# [Provided records]
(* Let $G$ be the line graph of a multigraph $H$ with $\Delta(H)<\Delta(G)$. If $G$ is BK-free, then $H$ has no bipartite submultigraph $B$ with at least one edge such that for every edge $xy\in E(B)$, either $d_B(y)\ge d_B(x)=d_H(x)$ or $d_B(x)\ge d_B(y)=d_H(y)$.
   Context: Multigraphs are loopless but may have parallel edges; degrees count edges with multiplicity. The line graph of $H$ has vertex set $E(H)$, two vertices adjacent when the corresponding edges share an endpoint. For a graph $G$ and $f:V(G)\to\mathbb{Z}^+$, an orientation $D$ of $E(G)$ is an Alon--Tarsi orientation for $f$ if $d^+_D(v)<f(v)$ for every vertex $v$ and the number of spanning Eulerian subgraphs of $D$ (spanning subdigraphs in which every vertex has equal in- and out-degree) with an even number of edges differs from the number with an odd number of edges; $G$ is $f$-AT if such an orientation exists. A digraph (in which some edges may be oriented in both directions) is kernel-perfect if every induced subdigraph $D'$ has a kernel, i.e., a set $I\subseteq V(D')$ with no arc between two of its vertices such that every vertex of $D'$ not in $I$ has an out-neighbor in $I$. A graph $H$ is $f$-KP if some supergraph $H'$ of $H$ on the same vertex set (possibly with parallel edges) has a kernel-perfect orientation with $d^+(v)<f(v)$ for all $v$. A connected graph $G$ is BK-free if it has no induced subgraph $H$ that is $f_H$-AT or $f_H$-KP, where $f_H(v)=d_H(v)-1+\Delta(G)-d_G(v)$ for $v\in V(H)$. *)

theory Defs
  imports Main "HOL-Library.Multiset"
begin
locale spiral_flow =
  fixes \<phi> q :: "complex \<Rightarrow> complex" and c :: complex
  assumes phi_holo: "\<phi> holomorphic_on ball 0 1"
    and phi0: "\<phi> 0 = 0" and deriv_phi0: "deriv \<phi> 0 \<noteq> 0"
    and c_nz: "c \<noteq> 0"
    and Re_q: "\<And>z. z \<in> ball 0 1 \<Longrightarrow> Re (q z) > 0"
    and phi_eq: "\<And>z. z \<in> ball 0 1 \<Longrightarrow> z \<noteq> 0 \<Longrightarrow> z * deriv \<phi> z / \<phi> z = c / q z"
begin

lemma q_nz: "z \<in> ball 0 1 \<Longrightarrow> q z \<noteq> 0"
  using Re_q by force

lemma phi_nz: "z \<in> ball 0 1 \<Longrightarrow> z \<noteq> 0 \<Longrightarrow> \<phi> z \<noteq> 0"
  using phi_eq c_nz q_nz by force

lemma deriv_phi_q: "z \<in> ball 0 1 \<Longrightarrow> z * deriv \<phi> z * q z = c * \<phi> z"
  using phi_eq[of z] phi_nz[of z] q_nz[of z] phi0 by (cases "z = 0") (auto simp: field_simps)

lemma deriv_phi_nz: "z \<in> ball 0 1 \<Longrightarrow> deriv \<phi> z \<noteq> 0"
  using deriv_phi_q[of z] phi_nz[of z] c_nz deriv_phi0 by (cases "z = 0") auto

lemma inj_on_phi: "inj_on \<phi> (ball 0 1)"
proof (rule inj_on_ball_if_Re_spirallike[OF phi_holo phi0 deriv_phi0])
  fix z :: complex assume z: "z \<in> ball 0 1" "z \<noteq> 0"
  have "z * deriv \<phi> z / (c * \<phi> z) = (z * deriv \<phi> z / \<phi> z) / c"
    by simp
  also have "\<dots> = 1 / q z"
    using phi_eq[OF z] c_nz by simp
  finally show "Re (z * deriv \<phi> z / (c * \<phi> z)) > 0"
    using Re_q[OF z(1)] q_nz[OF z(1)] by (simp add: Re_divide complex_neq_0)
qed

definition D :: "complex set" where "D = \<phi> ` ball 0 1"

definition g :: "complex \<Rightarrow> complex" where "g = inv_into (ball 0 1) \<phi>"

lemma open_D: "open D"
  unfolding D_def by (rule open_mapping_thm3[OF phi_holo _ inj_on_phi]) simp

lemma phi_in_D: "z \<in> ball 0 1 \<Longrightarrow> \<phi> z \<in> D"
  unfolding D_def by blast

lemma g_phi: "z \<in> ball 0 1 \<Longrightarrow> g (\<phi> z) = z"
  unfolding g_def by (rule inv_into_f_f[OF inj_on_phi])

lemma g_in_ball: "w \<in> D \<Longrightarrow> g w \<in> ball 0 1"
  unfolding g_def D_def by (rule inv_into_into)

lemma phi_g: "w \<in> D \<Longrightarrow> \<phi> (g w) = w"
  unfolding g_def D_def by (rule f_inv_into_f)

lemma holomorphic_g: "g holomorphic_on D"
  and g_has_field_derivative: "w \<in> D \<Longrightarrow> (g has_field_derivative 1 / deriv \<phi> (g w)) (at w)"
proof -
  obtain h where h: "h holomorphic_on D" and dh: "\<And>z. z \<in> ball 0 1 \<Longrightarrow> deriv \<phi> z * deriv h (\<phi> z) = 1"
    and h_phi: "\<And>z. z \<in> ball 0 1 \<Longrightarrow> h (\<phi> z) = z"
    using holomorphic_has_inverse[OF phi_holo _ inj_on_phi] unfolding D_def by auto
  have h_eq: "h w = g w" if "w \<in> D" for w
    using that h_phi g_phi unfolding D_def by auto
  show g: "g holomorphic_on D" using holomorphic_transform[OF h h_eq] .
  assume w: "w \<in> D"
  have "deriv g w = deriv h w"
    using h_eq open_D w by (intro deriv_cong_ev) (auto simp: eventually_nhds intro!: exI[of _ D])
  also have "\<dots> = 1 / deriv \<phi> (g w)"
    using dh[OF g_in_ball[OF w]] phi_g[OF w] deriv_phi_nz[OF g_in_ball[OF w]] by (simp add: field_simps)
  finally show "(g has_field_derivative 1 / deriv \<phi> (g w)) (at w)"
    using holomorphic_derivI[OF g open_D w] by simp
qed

# [Task to carry out]
Lines wanted from the listing above: the line with "unfolding D_def by (rule" up to and including the line with "g w = deriv". Please write them out exactly, adding nothing else.

# [Solution below]
  unfolding D_def by (rule open_mapping_thm3[OF phi_holo _ inj_on_phi]) simp

lemma phi_in_D: "z \<in> ball 0 1 \<Longrightarrow> \<phi> z \<in> D"
  unfolding D_def by blast

lemma g_phi: "z \<in> ball 0 1 \<Longrightarrow> g (\<phi> z) = z"
  unfolding g_def by (rule inv_into_f_f[OF inj_on_phi])

lemma g_in_ball: "w \<in> D \<Longrightarrow> g w \<in> ball 0 1"
  unfolding g_def D_def by (rule inv_into_into)

lemma phi_g: "w \<in> D \<Longrightarrow> \<phi> (g w) = w"
  unfolding g_def D_def by (rule f_inv_into_f)

lemma holomorphic_g: "g holomorphic_on D"
  and g_has_field_derivative: "w \<in> D \<Longrightarrow> (g has_field_derivative 1 / deriv \<phi> (g w)) (at w)"
proof -
  obtain h where h: "h holomorphic_on D" and dh: "\<And>z. z \<in> ball 0 1 \<Longrightarrow> deriv \<phi> z * deriv h (\<phi> z) = 1"
    and h_phi: "\<And>z. z \<in> ball 0 1 \<Longrightarrow> h (\<phi> z) = z"
    using holomorphic_has_inverse[OF phi_holo _ inj_on_phi] unfolding D_def by auto
  have h_eq: "h w = g w" if "w \<in> D" for w
    using that h_phi g_phi unfolding D_def by auto
  show g: "g holomorphic_on D" using holomorphic_transform[OF h h_eq] .
  assume w: "w \<in> D"
  have "deriv g w = deriv h w"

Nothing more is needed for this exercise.